Is Walmart Destroying America?
October 14, 2014
(This article appears in the November/December 2014 issue of The American Postal Worker magazine.)
Is Walmart ruining our country? That’s a question that most people never stop and ask. Most of us love shopping in big, clean stores that are packed with cheap merchandise, but the truth is that Walmart is destroying America in a lot of ways.
Walmart has destroyed tens of thousands of small businesses and countless manufacturing jobs over the past few decades. It has become a gigantic operation that sells five times more stuff than any other retailer in the United States. Unfortunately, a large percentage of the things sold at Walmart are made overseas. What that’s costing the U.S. economy in lost jobs and revenue is incalculable.
‘Bait and Switch’
For every supercenter built, at least two supermarkets and numerous other stores go out of business. Walmart uses the bait-and-switch tactic. It opens stores with rolled back prices, but once the other stores close, Walmart raises its prices, often higher than the prices of stores that it ran out of business.
Walmart’s low-wage workers cost U.S. taxpayers an estimated $6.2 billion in public assistance, including food stamps, Medicaid, and subsidized housing, according to a report published by the Americans for Tax Fairness, a coalition of 400 national- and state-level groups.
The estimate was made using data from a 2013 study by the U.S. Committee on Education and the Workforce, which found that a single Walmart supercenter cost taxpayers between $904,542 and $1.75 million per year, or between $3,015 and $5,815 on average for each Walmart employee. That’s because hundreds of thousands of full-time Walmart workers live below the poverty line and are forced to get state aid.
Walmart’s Anti-Union Tactics
Walmart has a long history of denying its employees the right to organize and the right to bargain collectively.
The company deploys numerous anti-union tactics, including requiring workers to attend anti-union “captive-audience” meetings and training supervisors in “union avoidance.”
Employees are discriminated against and even fired if they are known to favor organizing a union. Lawsuits have been filed against Walmart on issues such as: low wages, poor working conditions, racial and gender discrimination, excessive hours, and sexual harassment. Many Walmart workers are forced to work flexible schedules with shorter shifts, making it difficult to schedule their lives.
Approximately 70 percent of Walmart employees leave the job within the first year.
Don’t Shop at Walmart
Walmart has been criticized by labor unions, community groups, grass-roots organizations, religious organizations, environmental groups, and Walmart employees, with good reason.
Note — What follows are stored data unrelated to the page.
lemma countable_Ln_Diff_if_hereditarily_Lindelof:
  assumes "A \<subseteq> Ln" "hereditarily_Lindelof (tauA A)"
  shows "countable (Ln - A)"
proof -
  have "Ln - A \<subseteq> topspace (tauA A)"
    unfolding topspace_tauA[OF assms(1)] by auto
  then have "Lindelof_space (discrete_topology (Ln - A))"
    using assms(2) subtopology_tauA_Ln_Diff[OF assms(1)] unfolding hereditarily_Lindelof_def by metis
  then show ?thesis
    by (simp add: Lindelof_space_discrete_topology)
qed

theorem mainTheorem2:
  fixes A :: "((real^'m) \<times> real) set"
  assumes "A \<subseteq> Ln"
  shows "(hereditarily_Lindelof (tauA A) \<longleftrightarrow> countable (Ln - A))
       \<and> (countable (Ln - A) \<longleftrightarrow> second_countable (tauA A))
       \<and> (countable (Ln - A) \<longleftrightarrow> metrizable_space (tauA A))"
proof -
  have "second_countable (tauA A)" if "metrizable_space (tauA A)"
    using separable_metrizable_imp_second_countable[OF that separable_space_tauA[OF assms]] .
  then show ?thesis
    using countable_Ln_Diff_if_hereditarily_Lindelof[OF assms]
      second_countable_imp_hereditarily_Lindelof[of "tauA A"]
      second_countable_tauA[OF assms] metrizable_space_tauA[OF assms]
    by blast
qed

end
lemma totalp_on_suffix_less: "totalp_on {1..length w} (suffix_less w)"
proof (rule totalp_onI)
  fix i j assume "i \<in> {1..length w}" "j \<in> {1..length w}" "i \<noteq> j"
  then have "length (drop (i - 1) w) \<noteq> length (drop (j - 1) w)" by auto
  then have "drop (i - 1) w \<noteq> drop (j - 1) w" by metis
  then show "suffix_less w i j \<or> suffix_less w j i"
    unfolding suffix_less_def lex_less_eq_lexordp using lexordp_linear by blast
qed

lemma suffix_less_append:
  assumes "\<And>x. suffix x S \<Longrightarrow> x \<noteq> [] \<Longrightarrow> lex_less V (x @ V)"
    and "i \<le> length S + 1" and "j \<le> length S + 1" and "suffix_less S i j"
  shows "suffix_less (S @ V) i j"
proof -
  have "lex_less (drop (i - 1) S @ V) (drop (j - 1) S @ V)"
    using assms(4) unfolding suffix_less_def by (intro lex_less_append_tail[OF assms(1) suffix_drop])
  then show ?thesis using assms(2,3) by (simp add: suffix_less_def)
qed

lemma sort_by_suffix_less_append:
  assumes tail: "\<And>x. suffix x S \<Longrightarrow> x \<noteq> [] \<Longrightarrow> lex_less V (x @ V)"
  defines "m \<equiv> length S" and "n \<equiv> length (S @ V)"
  shows "sort_by (suffix_less (S @ V)) [1..<n+1] =
         merge_by (suffix_less (S @ V))
           (sort_by (suffix_less S) [1..<m+1]) (sort_by (suffix_less (S @ V)) [m+1..<n+1])"
proof -
  have positions: "set [1..<k+1] = {1..k}" for k :: nat by auto
  have total: "totalp_on {1..n} (suffix_less (S @ V))"
    unfolding n_def by (rule totalp_on_suffix_less)
  have "sorted_wrt (suffix_less S) (sort_by (suffix_less S) [1..<m+1])"
    by (rule sorted_wrt_sort_by)
      (unfold positions m_def, rule transp_on_suffix_less, rule totalp_on_suffix_less, simp)
  then have sorted_left: "sorted_wrt (suffix_less (S @ V)) (sort_by (suffix_less S) [1..<m+1])"
    by (rule sorted_wrt_mono_rel[rotated]) (auto simp: m_def intro: suffix_less_append tail)
  have sorted_right: "sorted_wrt (suffix_less (S @ V)) (sort_by (suffix_less (S @ V)) [m+1..<n+1])"
    by (rule sorted_wrt_sort_by) (auto simp: transp_on_suffix_less intro: totalp_on_subset[OF total])
  show ?thesis
  proof (rule sort_by_eq_merge_by)
    show "totalp_on (set [1..<n+1]) (suffix_less (S @ V))" unfolding positions by (rule total)
    show "set [1..<n+1] =
        set (sort_by (suffix_less S) [1..<m+1]) \<union> set (sort_by (suffix_less (S @ V)) [m+1..<n+1])"
      by (auto simp: m_def n_def)
  qed (fact sorted_left sorted_right transp_on_suffix_less irreflp_on_suffix_less | fastforce)+
qed

theorem proposition1:
  fixes W :: "'a::{linorder, finite} list"
    and Ls :: "'a list list"
    and l :: nat
  assumes "W \<noteq> []"
    and "lyndon_factorization Ls W"
    and "1 \<le> l" and "l < length Ls"
  defines "n \<equiv> length W"
    and "m \<equiv> length (concat (take l Ls))"
  shows "sort_by (\<lambda>i j. lex_less (factor W i n) (factor W j n)) [1..<n+1] =
         merge_by (\<lambda>i j. lex_less (factor W i n) (factor W j n))
           (sort_by (\<lambda>i j. lex_less (factor W i m) (factor W j m)) [1..<m+1])
           (sort_by (\<lambda>i j. lex_less (factor W i n) (factor W j n)) [m+1..<n+1])"
proof -
  define S V where "S = concat (take l Ls)" and "V = concat (drop l Ls)"
  have W: "W = S @ V"
    using assms(2) unfolding lyndon_factorization_def S_def V_def
    by (metis append_take_drop_id concat_append)
  have m: "m = length S" by (simp add: S_def m_def)
  have tail: "lex_less V (x @ V)" if "suffix x S" "x \<noteq> []" for x
    using assms(2) that unfolding lyndon_factorization_def S_def V_def
    by (intro lex_less_lyndon_tail[of "take l Ls"]) simp_all
  have less_n: "(\<lambda>i j. lex_less (factor W i n) (factor W j n)) = suffix_less W"
    by (simp add: n_def factor_eq_drop suffix_less_def fun_eq_iff)
  have less_m: "sort_by (\<lambda>i j. lex_less (factor W i m) (factor W j m)) [1..<m+1] =
      sort_by (suffix_less S) [1..<m+1]"
    by (rule sort_by_cong) (auto simp: factor_eq_drop_take suffix_less_def W m)
  show ?thesis
    unfolding less_n less_m unfolding n_def m W by (rule sort_by_suffix_less_append[OF tail])
qed

end
(* Let $L$ be an upper semimodular lattice of finite length. Let $\xi=(x_1,\dots,x_k)\in L^k$ and let $z\in L$ with $z\not\le c_1(\xi)$. Put $$P_\xi=\{i: x_i\parallel z\},\qquad B_\xi=\{i: x_i<z\}.$$ If $|P_\xi|\le|B_\xi|$, then $z\notin M(\xi)$.
   Context: A lattice is upper semimodular if for all $x,y$, $x\wedge y\prec x$ implies $y\prec x\vee y$. $d(x,y)$ is the length of a shortest path between $x$ and $y$ in the undirected covering graph of $L$. $c_1(\xi)=x_1\vee\dots\vee x_k$. $M(\xi)$ is the set of medians of $\xi$, i.e. the elements $y\in L$ minimizing $r(y,\xi)=\sum_{i=1}^k d(y,x_i)$. $x\parallel z$ means that $x$ and $z$ are incomparable. *)

theory Defs
  imports Main
begin

definition covers :: "'a::order \<Rightarrow> 'a \<Rightarrow> bool" (infix "\<prec>" 50) where
  "x \<prec> y \<longleftrightarrow> x < y \<and> \<not> (\<exists>z. x < z \<and> z < y)"

definition upper_semimodular :: "'a::lattice itself \<Rightarrow> bool" where
  "upper_semimodular _ \<longleftrightarrow> (\<forall>x y::'a. inf x y \<prec> x \<longrightarrow> y \<prec> sup x y)"

definition finite_length :: "'a::order itself \<Rightarrow> bool" where
  "finite_length _ \<longleftrightarrow> (\<exists>n. \<forall>C::'a set. Complete_Partial_Order.chain (\<le>) C \<longrightarrow> finite C \<and> card C \<le> n)"

definition cover_edges :: "('a::order \<times> 'a) set" where
  "cover_edges = {(x, y). x \<prec> y \<or> y \<prec> x}"

definition cdist :: "'a::order \<Rightarrow> 'a \<Rightarrow> nat" where
  "cdist x y = (LEAST n. (x, y) \<in> cover_edges ^^ n)"

definition c1 :: "'a::lattice list \<Rightarrow> 'a" where
  "c1 xs = Sup_fin (set xs)"

definition remote :: "'a::order \<Rightarrow> 'a list \<Rightarrow> nat" where
  "remote y xs = (\<Sum>x\<leftarrow>xs. cdist y x)"

definition medians :: "'a::order list \<Rightarrow> 'a set" where
  "medians xs = {y. \<forall>w. remote y xs \<le> remote w xs}"

end

(*
  By the Jordan--Dedekind chain condition, which upper semimodularity gives in finite length,
  all covering chains between two comparable elements have the same length, so there is a
  height function h with h y = h x + 1 whenever x is covered by y.  The distance in the
  covering graph is then d(a, c) = 2 h(a \<squnion> c) - h a - h c: the path up to a \<squnion> c and down
  again has this length, and along any path the potential 2 h(z \<squnion> c) - h z changes by at
  most 1 per step, because joining with c maps a cover to a cover or an equality.

  Compare z with m = z \<sqinter> c1(\<xi>) < z and put t = h z - h m \<ge> 1.  No x_i lies above z, so
  every index is in B or in P.  For x_i < z we have x_i \<le> m, so d(z, x_i) - d(m, x_i) = t;
  for x_i \<parallel> z we have m \<squnion> x_i < z \<squnion> x_i, so the difference is at least 2 - t.  Hence
  r(z, \<xi>) - r(m, \<xi>) \<ge> t |B| + (2 - t) |P| > 0 when |P| \<le> |B| and k \<ge> 1.
*)

theory Submission
  imports Defs
begin

lemma weighted_count_pos:
  fixes b p :: nat and t :: int
  assumes "1 \<le> t" "p \<le> b" "0 < b + p"
  shows "0 < int b * t + int p * (2 - t)"
proof (cases "p = 0")
  case True
  then show ?thesis
    using assms by simp
next
  case False
  have "int p * t \<le> int b * t"
    using assms by (simp add: mult_right_mono)
  then show ?thesis
    using False by (simp add: algebra_simps)
qed

lemma finite_length_no_infinite_strict_chain:
  fixes f :: "nat \<Rightarrow> 'a::order"
  assumes "finite_length TYPE('a)"
    and strict: "\<And>i j. i < j \<Longrightarrow> f i < f j \<or> f j < f i"
  shows False
proof -
  have "inj f"
    by (rule injI, metis strict less_irrefl linorder_neqE_nat)
  moreover have "Complete_Partial_Order.chain (\<le>) (range f)"
    by (rule chainI, auto, metis strict less_imp_le linorder_neqE_nat order_refl)
  ultimately show False
    using assms(1) finite_imageD[of f UNIV] unfolding finite_length_def by auto
qed

lemma finite_length_wf_less:
  assumes "finite_length TYPE('a::order)"
  shows "wf {(x::'a, y). x < y}"
proof (rule ccontr)
  assume "\<not> ?thesis"
  then obtain f :: "nat \<Rightarrow> 'a" where desc: "\<And>i. f (Suc i) < f i"
    unfolding wf_iff_no_infinite_down_chain by auto
  have "f j < f i" if "i < j" for i j
  proof -
    have "f j \<le> f (Suc i)"
      using lift_Suc_antimono_le[of f, OF less_imp_le[OF desc]] that by simp
    also have "\<dots> < f i" by (rule desc)
    finally show ?thesis .
  qed
  then show False
    by (intro finite_length_no_infinite_strict_chain[OF assms, of f]) blast
qed

lemma finite_length_wf_greater:
  assumes "finite_length TYPE('a::order)"
  shows "wf {(x::'a, y). y < x}"
proof (rule ccontr)
  assume "\<not> ?thesis"
  then obtain f :: "nat \<Rightarrow> 'a" where asc: "\<And>i. f i < f (Suc i)"
    unfolding wf_iff_no_infinite_down_chain by auto
  show False
    by (intro finite_length_no_infinite_strict_chain[OF assms, of f] disjI1
        lift_Suc_mono_less[of f, OF asc])
qed

lemma finite_length_least:
  assumes "finite_length TYPE('a)"
  obtains b :: "'a::lattice" where "\<And>x. b \<le> x"
proof -
  obtain b :: 'a where minimal: "\<And>y. y < b \<Longrightarrow> False"
    using wfE_min[OF finite_length_wf_less[OF assms] UNIV_I] by auto
  have "b \<le> x" for x
  proof -
    have "inf b x = b"
      using minimal[of "inf b x"] inf_le1[of b x] order.not_eq_order_implies_strict by blast
    then show ?thesis by (simp add: le_iff_inf)
  qed
  then show thesis by (rule that)
qed

lemma covers_imp_less: "x \<prec> y \<Longrightarrow> x < y"
  by (simp add: covers_def)

inductive cover_chain :: "'a::order \<Rightarrow> 'a \<Rightarrow> nat \<Rightarrow> bool" where
  cover_chain_refl: "cover_chain a a 0"
| cover_chain_step: "a \<prec> c \<Longrightarrow> cover_chain c b n \<Longrightarrow> cover_chain a b (Suc n)"

lemma cover_chain_le: "cover_chain a b n \<Longrightarrow> a \<le> b"
  by (induction rule: cover_chain.induct) (auto simp: covers_def)

lemma cover_chain_0D: "cover_chain a b 0 \<Longrightarrow> a = b"
  by (erule cover_chain.cases) auto

lemma cover_chain_self: "cover_chain a a n \<Longrightarrow> n = 0"
  by (erule cover_chain.cases) (auto simp: covers_def dest: cover_chain_le)

lemma cover_chain_trans: "cover_chain a b n \<Longrightarrow> cover_chain b c m \<Longrightarrow> cover_chain a c (n + m)"
  by (induction rule: cover_chain.induct) (auto intro: cover_chain.intros)

lemma cover_chain_relpow:
  "cover_chain a b n \<Longrightarrow> (a, b) \<in> cover_edges ^^ n \<and> (b, a) \<in> cover_edges ^^ n"
proof (induction rule: cover_chain.induct)
  case (cover_chain_step a c b n)
  then have "(a, c) \<in> cover_edges" "(c, a) \<in> cover_edges"
    by (auto simp: cover_edges_def)
  with cover_chain_step.IH show ?case
    by (meson relpow_Suc_I relpow_Suc_I2)
qed simp

lemma finite_length_covers_below:
  assumes "finite_length TYPE('a::order)" and "(a::'a) < b"
  obtains c where "a \<prec> c" and "c \<le> b"
proof -
  obtain c where c: "c \<in> {c. a < c \<and> c \<le> b}"
    and minimal: "\<And>y. y < c \<Longrightarrow> y \<notin> {c. a < c \<and> c \<le> b}"
    using wfE_min[OF finite_length_wf_less[OF assms(1)], of b "{c. a < c \<and> c \<le> b}"] assms(2)
    by auto
  have "\<not> (a < y \<and> y < c)" for y
    using minimal[of y] less_le_trans[of y c b] c by auto
  with c have "a \<prec> c"
    unfolding covers_def by blast
  with c show thesis using that by blast
qed

lemma finite_length_cover_chain_exists:
  assumes fl: "finite_length TYPE('a::order)" and "(a::'a) \<le> b"
  shows "\<exists>n. cover_chain a b n"
  using \<open>a \<le> b\<close>
proof (induction a rule: wf_induct_rule[OF finite_length_wf_greater[OF fl]])
  case (1 a)
  show ?case
  proof (cases "a = b")
    case True
    then show ?thesis using cover_chain_refl by blast
  next
    case False
    with "1.prems" obtain c where "a \<prec> c" "c \<le> b"
      using finite_length_covers_below[OF fl] by (metis order_less_le)
    moreover from this obtain n where "cover_chain c b n"
      using "1.IH" by (auto simp: covers_def)
    ultimately show ?thesis using cover_chain_step by blast
  qed
qed
lemma i_mult_grade: "r \<in> carrier R \<Longrightarrow> x \<in> grade n \<Longrightarrow> i r \<otimes>\<^bsub>A\<^esub> x \<in> grade n"
proof (cases n rule: int_cases2)
  case (nonpos k)
  assume r: "r \<in> carrier R" and "x \<in> grade n"
  then obtain s where s: "s \<in> carrier R" "x = i s \<otimes>\<^bsub>A\<^esub> tp [^]\<^bsub>A\<^esub> k"
    using nonpos by (auto simp: grade_neg_int)
  then have "i r \<otimes>\<^bsub>A\<^esub> x = i (r \<otimes>\<^bsub>R\<^esub> s) \<otimes>\<^bsub>A\<^esub> tp [^]\<^bsub>A\<^esub> k"
    using r by (simp add: A.m_assoc)
  then show ?thesis
    using i_tp_pow_mem_grade[of "r \<otimes>\<^bsub>R\<^esub> s" k] r s(1) nonpos by simp
qed (simp add: i_mult_grade_int)

lemma tp_mult_grade: "x \<in> grade n \<Longrightarrow> tp \<otimes>\<^bsub>A\<^esub> x \<in> grade (n - 1)"
proof -
  assume x: "x \<in> grade n"
  consider (nonpos) k where "n = - int k" | (pos) k where "n = int (Suc k)"
    by (metis int_cases2 minus_zero not0_implies_Suc of_nat_0)
  then show ?thesis
  proof cases
    case nonpos
    then obtain r where r: "r \<in> carrier R" "x = i r \<otimes>\<^bsub>A\<^esub> tp [^]\<^bsub>A\<^esub> k"
      using x by (auto simp: grade_neg_int)
    then have "tp \<otimes>\<^bsub>A\<^esub> x = (tp \<otimes>\<^bsub>A\<^esub> i r) \<otimes>\<^bsub>A\<^esub> tp [^]\<^bsub>A\<^esub> k"
      by (simp add: A.m_assoc)
    also have "\<dots> = i (\<alpha> r) \<otimes>\<^bsub>A\<^esub> tp [^]\<^bsub>A\<^esub> Suc k"
      using r(1) by (simp add: tp_i A.nat_pow_Suc2 A.m_assoc del: nat_pow_Suc A.nat_pow_Suc)
    also have "\<dots> \<in> grade (- int (Suc k))"
      using r(1) by (intro i_tp_pow_mem_grade alpha_closed)
    finally have "tp \<otimes>\<^bsub>A\<^esub> x \<in> grade (- int (Suc k))" .
    moreover have "n - 1 = - int (Suc k)"
      using nonpos by simp
    ultimately show ?thesis by (simp only:)
  next
    case pos
    then obtain r where r: "r \<in> carrier R" "x = tm \<otimes>\<^bsub>A\<^esub> (tm [^]\<^bsub>A\<^esub> k \<otimes>\<^bsub>A\<^esub> i r)"
      using x by (auto simp: grade_int A.nat_pow_Suc2 A.m_assoc simp del: of_nat_Suc nat_pow_Suc A.nat_pow_Suc)
    then have "tp \<otimes>\<^bsub>A\<^esub> x = i e \<otimes>\<^bsub>A\<^esub> (tm [^]\<^bsub>A\<^esub> k \<otimes>\<^bsub>A\<^esub> i r)"
      by (simp add: tp_tm flip: A.m_assoc)
    moreover have "tm [^]\<^bsub>A\<^esub> k \<otimes>\<^bsub>A\<^esub> i r \<in> grade (int k)"
      using r(1) by (rule tm_pow_i_mem_grade)
    ultimately show ?thesis
      using pos i_mult_grade[of e] by simp
  qed
qed

lemma tm_pow_mult_grade: "x \<in> grade n \<Longrightarrow> tm [^]\<^bsub>A\<^esub> k \<otimes>\<^bsub>A\<^esub> x \<in> grade (n + int k)"
proof (induction k)
  case (Suc k)
  have "tm [^]\<^bsub>A\<^esub> Suc k \<otimes>\<^bsub>A\<^esub> x = tm \<otimes>\<^bsub>A\<^esub> (tm [^]\<^bsub>A\<^esub> k \<otimes>\<^bsub>A\<^esub> x)"
    using grade_closed[OF Suc.prems]
    by (simp add: A.nat_pow_Suc2 A.m_assoc del: nat_pow_Suc A.nat_pow_Suc)
  also have "\<dots> \<in> grade (n + int k + 1)"
    using Suc tm_mult_grade by blast
  finally show ?case
    by (simp add: algebra_simps)
qed (simp add: grade_closed)

lemma tp_pow_mult_grade: "x \<in> grade n \<Longrightarrow> tp [^]\<^bsub>A\<^esub> k \<otimes>\<^bsub>A\<^esub> x \<in> grade (n - int k)"
proof (induction k)
  case (Suc k)
  have "tp [^]\<^bsub>A\<^esub> Suc k \<otimes>\<^bsub>A\<^esub> x = tp \<otimes>\<^bsub>A\<^esub> (tp [^]\<^bsub>A\<^esub> k \<otimes>\<^bsub>A\<^esub> x)"
    using grade_closed[OF Suc.prems]
    by (simp add: A.nat_pow_Suc2 A.m_assoc del: nat_pow_Suc A.nat_pow_Suc)
  also have "\<dots> \<in> grade (n - int k - 1)"
    using Suc tp_mult_grade by blast
  finally show ?case
    by (simp add: algebra_simps)
qed (simp add: grade_closed)

lemma grade_mult: "x \<in> grade m \<Longrightarrow> y \<in> grade n \<Longrightarrow> x \<otimes>\<^bsub>A\<^esub> y \<in> grade (m + n)"
proof (cases m rule: int_cases2)
  case (nonneg k)
  assume "x \<in> grade m" and y: "y \<in> grade n"
  then obtain r where "r \<in> carrier R" "x = tm [^]\<^bsub>A\<^esub> k \<otimes>\<^bsub>A\<^esub> i r"
    using nonneg by (auto simp: grade_int)
  then show ?thesis
    using tm_pow_mult_grade[OF i_mult_grade, of r y n k] y nonneg grade_closed
    by (simp add: A.m_assoc add.commute)
next
  case (nonpos k)
  assume "x \<in> grade m" and y: "y \<in> grade n"
  then obtain r where "r \<in> carrier R" "x = i r \<otimes>\<^bsub>A\<^esub> tp [^]\<^bsub>A\<^esub> k"
    using nonpos by (auto simp: grade_neg_int)
  then show ?thesis
    using i_mult_grade[OF _ tp_pow_mult_grade, of r y n k] y nonpos grade_closed
    by (simp add: A.m_assoc)
qed

lemma additive_subgroup_grade: "additive_subgroup (grade n) A"
proof (cases n rule: int_cases2)
  case (nonneg k)
  show ?thesis
  proof (rule A.additive_subgroupI_closed)
    show "\<zero>\<^bsub>A\<^esub> \<in> grade n"
      using nonneg by (auto simp: grade_int intro!: exI[of _ "\<zero>\<^bsub>R\<^esub>"])
  qed (use nonneg in \<open>force simp: grade_int simp flip: A.r_distr A.r_minus i.hom_add i.hom_a_inv\<close>)+
next
  case (nonpos k)
  show ?thesis
  proof (rule A.additive_subgroupI_closed)
    show "\<zero>\<^bsub>A\<^esub> \<in> grade n"
      using nonpos by (auto simp: grade_neg_int intro!: exI[of _ "\<zero>\<^bsub>R\<^esub>"])
  qed (use nonpos in \<open>force simp: grade_neg_int simp flip: A.l_distr A.l_minus i.hom_add i.hom_a_inv\<close>)+
qed

lemma tm_pow_tp_pow: "tm [^]\<^bsub>A\<^esub> (k::nat) \<otimes>\<^bsub>A\<^esub> tp [^]\<^bsub>A\<^esub> k = \<one>\<^bsub>A\<^esub>"
proof (induction k)
  case (Suc k)
  have "tm [^]\<^bsub>A\<^esub> Suc k \<otimes>\<^bsub>A\<^esub> tp [^]\<^bsub>A\<^esub> Suc k
      = tm [^]\<^bsub>A\<^esub> k \<otimes>\<^bsub>A\<^esub> (tm \<otimes>\<^bsub>A\<^esub> tp) \<otimes>\<^bsub>A\<^esub> tp [^]\<^bsub>A\<^esub> k"
    by (simp only: A.nat_pow_Suc2[OF tp_closed, of k] nat_pow_Suc[where x=tm]) (simp add: A.m_assoc)
  then show ?case
    using Suc by (simp add: tm_tp)
qed simp

lemma tp_pow_tm_pow: "tp [^]\<^bsub>A\<^esub> (k::nat) \<otimes>\<^bsub>A\<^esub> tm [^]\<^bsub>A\<^esub> k = i ((\<alpha> ^^ k) \<one>\<^bsub>R\<^esub>)"
proof (induction k)
  case (Suc k)
  have "tp [^]\<^bsub>A\<^esub> Suc k \<otimes>\<^bsub>A\<^esub> tm [^]\<^bsub>A\<^esub> Suc k
      = tp \<otimes>\<^bsub>A\<^esub> (tp [^]\<^bsub>A\<^esub> k \<otimes>\<^bsub>A\<^esub> tm [^]\<^bsub>A\<^esub> k) \<otimes>\<^bsub>A\<^esub> tm"
    by (simp only: A.nat_pow_Suc2[OF tp_closed, of k] nat_pow_Suc[where x=tm]) (simp add: A.m_assoc)
  also have "\<dots> = i (\<alpha> ((\<alpha> ^^ k) \<one>\<^bsub>R\<^esub>)) \<otimes>\<^bsub>A\<^esub> (tp \<otimes>\<^bsub>A\<^esub> tm)"
    by (simp add: Suc tp_i A.m_assoc)
  also have "\<dots> = i ((\<alpha> ^^ Suc k) \<one>\<^bsub>R\<^esub>)"
    by (simp add: tp_tm alpha_mult_e flip: i.hom_mult)
  finally show ?case .
qed simp

lemma genideal_alpha_pow_one:
  assumes "full_idempotent R e"
  shows "genideal R {(\<alpha> ^^ k) \<one>\<^bsub>R\<^esub>} = carrier R"
proof (induction k)
  case (Suc k)
  have "genideal R {\<alpha> \<one>\<^bsub>R\<^esub>} = carrier R"
    using R.full_idempotent_genideal[OF assms] by (simp add: alpha_one)
  then show ?case
    using R.genideal_unit_image[where h = \<alpha>, OF alpha_closed alpha_add alpha_mult] Suc by simp
qed (simp add: R.genideal_one)

abbreviation grade_products :: "int \<Rightarrow> int \<Rightarrow> 'b set" where
  "grade_products m n \<equiv> {x \<otimes>\<^bsub>A\<^esub> y | x y. x \<in> grade m \<and> y \<in> grade n}"

lemma grade_products_closed: "grade_products m n \<subseteq> carrier A"
  using grade_closed by blast

lemma grade_productsI: "a \<in> grade m \<Longrightarrow> b \<in> grade n \<Longrightarrow> a \<otimes>\<^bsub>A\<^esub> b \<in> grade_products m n"
  by blast

lemma set_prod_subset_grade: "set_prod A (grade m) (grade n) \<subseteq> grade (m + n)"
  unfolding set_prod_def
  by (rule add_span_minimal[OF additive_subgroup_grade]) (auto intro: grade_mult)

lemma additive_subgroup_set_prod_grade: "additive_subgroup (set_prod A (grade m) (grade n)) A"
  unfolding set_prod_def by (rule A.additive_subgroup_add_span[OF grade_products_closed])

lemma i_mult_set_prod_grade:
  assumes r: "r \<in> carrier R" and p: "p \<in> set_prod A (grade m) (grade n)"
  shows "i r \<otimes>\<^bsub>A\<^esub> p \<in> set_prod A (grade m) (grade n)"
  unfolding set_prod_def
proof (rule A.add_span_mult_left_closed[OF grade_products_closed grade_products_closed _ _
      p[unfolded set_prod_def]])
  fix y assume "y \<in> grade_products m n"
  then obtain a b where ab: "a \<in> grade m" "b \<in> grade n" "y = a \<otimes>\<^bsub>A\<^esub> b" by blast
  then have "i r \<otimes>\<^bsub>A\<^esub> y = (i r \<otimes>\<^bsub>A\<^esub> a) \<otimes>\<^bsub>A\<^esub> b"
    using r grade_closed[OF ab(1)] grade_closed[OF ab(2)] by (simp add: A.m_assoc)
  then have "i r \<otimes>\<^bsub>A\<^esub> y \<in> grade_products m n"
    using grade_productsI[OF i_mult_grade[OF r ab(1)] ab(2)] by simp
  then show "i r \<otimes>\<^bsub>A\<^esub> y \<in> add_span A (grade_products m n)"
    by (rule add_span_incl[THEN subsetD])
qed (simp add: r)

lemma set_prod_grade_mult_i:
  assumes r: "r \<in> carrier R" and p: "p \<in> set_prod A (grade m) (grade n)"
  shows "p \<otimes>\<^bsub>A\<^esub> i r \<in> set_prod A (grade m) (grade n)"
  unfolding set_prod_def
proof (rule A.add_span_mult_right_closed[OF grade_products_closed grade_products_closed _ _
      p[unfolded set_prod_def]])
  fix y assume "y \<in> grade_products m n"
  then obtain a b where ab: "a \<in> grade m" "b \<in> grade n" "y = a \<otimes>\<^bsub>A\<^esub> b" by blast
  then have "y \<otimes>\<^bsub>A\<^esub> i r = a \<otimes>\<^bsub>A\<^esub> (b \<otimes>\<^bsub>A\<^esub> i r)"
    using r grade_closed[OF ab(1)] grade_closed[OF ab(2)] by (simp add: A.m_assoc)
  moreover have "b \<otimes>\<^bsub>A\<^esub> i r \<in> grade n"
    using grade_mult[OF ab(2) i_mem_grade_zero[OF r]] by simp
  ultimately have "y \<otimes>\<^bsub>A\<^esub> i r \<in> grade_products m n"
    using grade_productsI[OF ab(1)] by simp
  then show "y \<otimes>\<^bsub>A\<^esub> i r \<in> add_span A (grade_products m n)"
    by (rule add_span_incl[THEN subsetD])
qed (simp add: r)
As of July 2014, the company’s largest shareholders, the Walton family, are worth a combined total of $152 billion. The family’s wealth now exceeds the wealth of the bottom 40 percent of American families combined, according to an analysis by the Economic Policy Institute. Yet Walmart’s employees are among the lowest paid workers in the U.S., making an average of $8.81 per hour.
It’s time to expose Walmart for what it really is – a greedy corporation!
All over the country, independent retailers are going out of business because they cannot compete with Walmart. Often communities will give the company huge tax breaks just to move in to their areas. But what many communities don’t take into account is that the introduction of a Walmart is often absolutely devastating to small businesses and to the economy.
The best way to counter Walmart’s effect on the American economy is to stop buying their products. The more that consumers buy these good, the more the retailers will bring them in from countries that exploit cheap labor. When these retailers see their sales drop, then and only then, will they start to change their ways!